Comparative addition of dexmedetomidine and fentanyl to intrathecal bupivacaine in orthopedic procedure in lower limbs

BMC Anesthesiology201818:62

https://doi.org/10.1186/s12871-018-0531-7

  • Received: 29 December 2017
  • Accepted: 25 May 2018
  • Published:
Open Peer Review reports

Abstract

Background

Spinal block is a common procedure for lower limbs surgery. Fentanyl, a synthetic opioid and dexmedetomidine, a selective α2 agonist have been used as adjuvants in spinal anesthesia to prolong intraoperative and postoperative analgesia. The aim of current study is to compare the efficacy of dexmedetomidine and fentanyl added to intrathecal bupivacaine in orthopedic procedures in lower limbs.

Methods

In this randomized clinical trial, 90 patients undergoing elective lower limb surgeries were randomly allocated to three groups. Via intrathecal approach, the patients received 2.5 ml hyperbaric bupivacaine 0.5% plus 5 micrograms dexmedetomidine (BD group), 25 micrograms fentanyl (BF group) or 0.5 ml normal saline (BN group), respectively. Time to reach the complete motor block, the highest sensory level, regression from block, analgesic request and duration of the drug effect, hemodynamic changes and side effects were compared between the groups.

Results

There was no significant difference between the groups regrading time to reach complete motor block, but time to reach the highest sensory level was shorter in group BD than group BF (6.28 ± 1.75 vs. 7.17 ± 1.45, p = 0.03). Group BD had significantly lower mean of NRS 6 h after operation (1.90 ± 0.84 vs. 6.16 ± 1.44 vs. 6.30 ± 1.17, p < 0.001) and longer duration to regress to Bromage 0 (331.60 ± 73.96 vs. 185.56 ± 35.87 vs. 147.03 ± 33.05 min, p < 0.001), to analgesic request (496.63 ± 70.19 vs. 296.33 ± 44.83 vs. 221.83 ± 22.26 min, p < 0.001), to regress two sensory levels (149.00 ± 23.17 vs. 88.90 ± 12.85 vs. 69.33 ± 6.67 min, p < 0.001) and to regress to S1 (560.53 ± 81.86 vs. 329.83 ± 44.10 vs. 241.83 ± 22.26 min, p < 0.001). Serial changes in SBP (p = 0.006), DBP (p = 0.03) and HR (p = 0.002) in group BF were significantly higher than the other two groups. The three groups had comparable side effects.

Conclusions

Using dexmedetomidine as an adjuvant to bupivacaine for spinal anesthesia in lower limb surgeries has longer duration of sensory and motor block and longer postoperative analgesia.

Trial registration

IRCT registration number: IRCT2017041010599N15, 24 May 2017.

Keywords

  • Lower limb surgery
  • Dexmedetomidine
  • Fentanyl
  • Intrathecal
  • Pain management

Background

Lower limb surgeries could be performed under local, neuroaxial and general anesthesia, but neuroaxial block is the preferred method. Spinal block has rapid onset, deep block, lower risk of infection and is cost effective. However, post-operative pain is an important problem as the used drugs have limited duration of effect; so the post-operative analgesic administration is necessary [1, 2].

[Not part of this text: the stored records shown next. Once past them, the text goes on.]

(* Let $t\in[0,1]$. For each $n$ let $\boldsymbol{g}\in\mathbb{R}^n$ be a deterministic vector with $\|\boldsymbol{g}\|_2^2=O(n^{(1-t)/(1+t)})$, and let $b=b_n$ satisfy $b=\Omega(n^{-t/(1+t)})$. Let $\boldsymbol{w}=(w_1,\ldots,w_n)^\top$ have i.i.d. entries from $\mathbb{P}_w\in\mathcal{D}_1\cup\mathcal{D}_2$ (not depending on $n$). Then for any fixed $\delta>0$, $$\lim_{n\to\infty}\mathbb{P}\Bigl(\frac{|\boldsymbol{w}^\top\boldsymbol{g}|}{b\|\boldsymbol{w}\|_2^2}>\delta\Bigr)=0.$$
   Context: For $s>0$, $\mathcal{D}_s$ is the class of distributions of $\xi$ with $\mathbb{E}[\xi]=0$ and $1\le\mathbb{E}[|\xi|^s]\le2$. $a_n=O(c_n)$ means $|a_n|\le C|c_n|$ for a constant $C$; $b=\Omega(c_n)$ means $|c_n|\le C|b|$ for a constant $C>0$. Convention: $a/0=\infty$. *)

theory Defs
  imports "HOL-Probability.Probability"
begin

definition distr_class :: "real \<Rightarrow> real measure \<Rightarrow> bool" where
  "distr_class s P \<longleftrightarrow>
     prob_space P \<and> sets P = sets borel \<and>
     integrable P (\<lambda>x. x) \<and> (\<integral>x. x \<partial>P) = 0 \<and>
     integrable P (\<lambda>x. \<bar>x\<bar> powr s) \<and>
     1 \<le> (\<integral>x. \<bar>x\<bar> powr s \<partial>P) \<and> (\<integral>x. \<bar>x\<bar> powr s \<partial>P) \<le> 2"

end

theory Submission
  imports Defs
begin

(* Write S_n = sum_i w_i^2 and T_n = sum_i w_i g_i. The hypotheses on g and b combine to
   ||g||^2 <= C n b^2 eventually.
   If sigma^2 = E w^2 is finite, the weak law gives S_n > sigma^2 n / 2 with high probability;
   there a ratio above delta forces |T_n| > delta |b| sigma^2 n / 2, which by Chebyshev has
   probability O(||g||^2 / (b^2 n^2)) = O(1/n).
   If E w^2 is infinite, truncating w_i^2 shows S_n > m n with high probability for every m,
   while Cauchy-Schwarz T_n^2 <= S_n ||g||^2 bounds the ratio by sqrt (C / m), which is below
   delta once m = C / delta^2. *)

lemma (in prob_space)
  fixes Y :: "'i \<Rightarrow> 'a \<Rightarrow> real"
  assumes "finite I" and indep: "indep_vars (\<lambda>_. borel) Y I"
    and square_integrable: "\<And>i. i \<in> I \<Longrightarrow> integrable M (\<lambda>x. (Y i x)\<^sup>2)"
    and mean_zero: "\<And>i. i \<in> I \<Longrightarrow> expectation (Y i) = 0"
  shows integrable_square_sum_indep_mean_zero:
      "integrable M (\<lambda>x. (\<Sum>i\<in>I. c i * Y i x)\<^sup>2)"
    and expectation_square_sum_indep_mean_zero:
      "expectation (\<lambda>x. (\<Sum>i\<in>I. c i * Y i x)\<^sup>2) = (\<Sum>i\<in>I. (c i)\<^sup>2 * expectation (\<lambda>x. (Y i x)\<^sup>2))"
proof -
  have integrable: "integrable M (Y i)" if "i \<in> I" for i
  proof (rule square_integrable_imp_integrable)
    show "random_variable borel (Y i)"
      using indep that by (simp add: indep_vars_def)
  qed (rule square_integrable[OF that])
  have products: "integrable M (\<lambda>x. Y i x * Y j x) \<and>
      expectation (\<lambda>x. c i * c j * (Y i x * Y j x)) =
        (if i = j then (c i)\<^sup>2 * expectation (\<lambda>x. (Y i x)\<^sup>2) else 0)"
    if "i \<in> I" "j \<in> I" for i j
  proof (cases "i = j")
    case True
    then show ?thesis
      using square_integrable[OF \<open>i \<in> I\<close>] by (simp add: power2_eq_square)
  next
    case False
    have pair: "indep_vars (\<lambda>_. borel) Y {i, j}"
      using indep_vars_subset[OF indep] that by auto
    have "integrable M (\<lambda>x. \<Prod>k\<in>{i, j}. Y k x)"
      using that by (intro indep_vars_integrable[OF _ pair]) (auto intro: integrable)
    moreover have "expectation (\<lambda>x. \<Prod>k\<in>{i, j}. Y k x) = (\<Prod>k\<in>{i, j}. expectation (Y k))"
      using that by (intro indep_vars_lebesgue_integral[OF _ pair]) (auto intro: integrable)
    ultimately show ?thesis
      using False mean_zero that by simp
  qed
  have square_expand: "(\<Sum>i\<in>I. c i * Y i x)\<^sup>2 = (\<Sum>i\<in>I. \<Sum>j\<in>I. c i * c j * (Y i x * Y j x))" for x
    by (simp add: power2_eq_square sum_product mult_ac)
  show "integrable M (\<lambda>x. (\<Sum>i\<in>I. c i * Y i x)\<^sup>2)"
    unfolding square_expand using products
    by (intro Bochner_Integration.integrable_sum integrable_mult_right) blast
  have "expectation (\<lambda>x. (\<Sum>i\<in>I. c i * Y i x)\<^sup>2) =
      (\<Sum>i\<in>I. \<Sum>j\<in>I. expectation (\<lambda>x. c i * c j * (Y i x * Y j x)))"
    unfolding square_expand using products
    by (simp add: Bochner_Integration.integral_sum)
  also have "\<dots> = (\<Sum>i\<in>I. \<Sum>j\<in>I. if i = j then (c i)\<^sup>2 * expectation (\<lambda>x. (Y i x)\<^sup>2) else 0)"
    by (intro sum.cong refl) (use products in blast)
  also have "\<dots> = (\<Sum>i\<in>I. (c i)\<^sup>2 * expectation (\<lambda>x. (Y i x)\<^sup>2))"
    using \<open>finite I\<close> by simp
  finally show "expectation (\<lambda>x. (\<Sum>i\<in>I. c i * Y i x)\<^sup>2) =
      (\<Sum>i\<in>I. (c i)\<^sup>2 * expectation (\<lambda>x. (Y i x)\<^sup>2))" .
qed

Administrating the combinations of other classes of analgesics with local anesthetics has used to increase the duration and reduce side effects of analgesia [3]. Some drugs have been used as adjuvants in spinal anesthesia to prolong intraoperative and postoperative analgesia [1, 2] including opioids, α2 agonists, neostigmine, vasoconstrictors, etc. Clonidine and dexmedetomidine are two α2 agonists affecting via pre- and post-synaptic α2 receptors [4]. Dexmedetomidine has been widely used for anesthesia and analgesic purposes. This drug has sedative, anti-anxiety, analgesic, neuroprotective, and anesthetic-sparing effects [5]. Dexmedetomidine along with other drugs have been used to increase the duration of analgesia in subarachnoid, epidural and caudal blocks [6, 7].

Fentanyl is a synthetic opioid with central action, which is used widely for pain control. Intrathecal fentanyl is usually added to other local anesthetics to increase anesthesia and analgesia. It has improved spinal anesthesia and reduced the anesthetic drug related side effects including pruritus, nausea and vomiting [8].

Dexmedetomidine and fentanyl have been used as adjuvant to local anesthetics in different surgeries to provide superior analgesia and to improve the duration of the block [911]. One study on lower limbs surgery showed a better efficacy with dexmedetomidine [12].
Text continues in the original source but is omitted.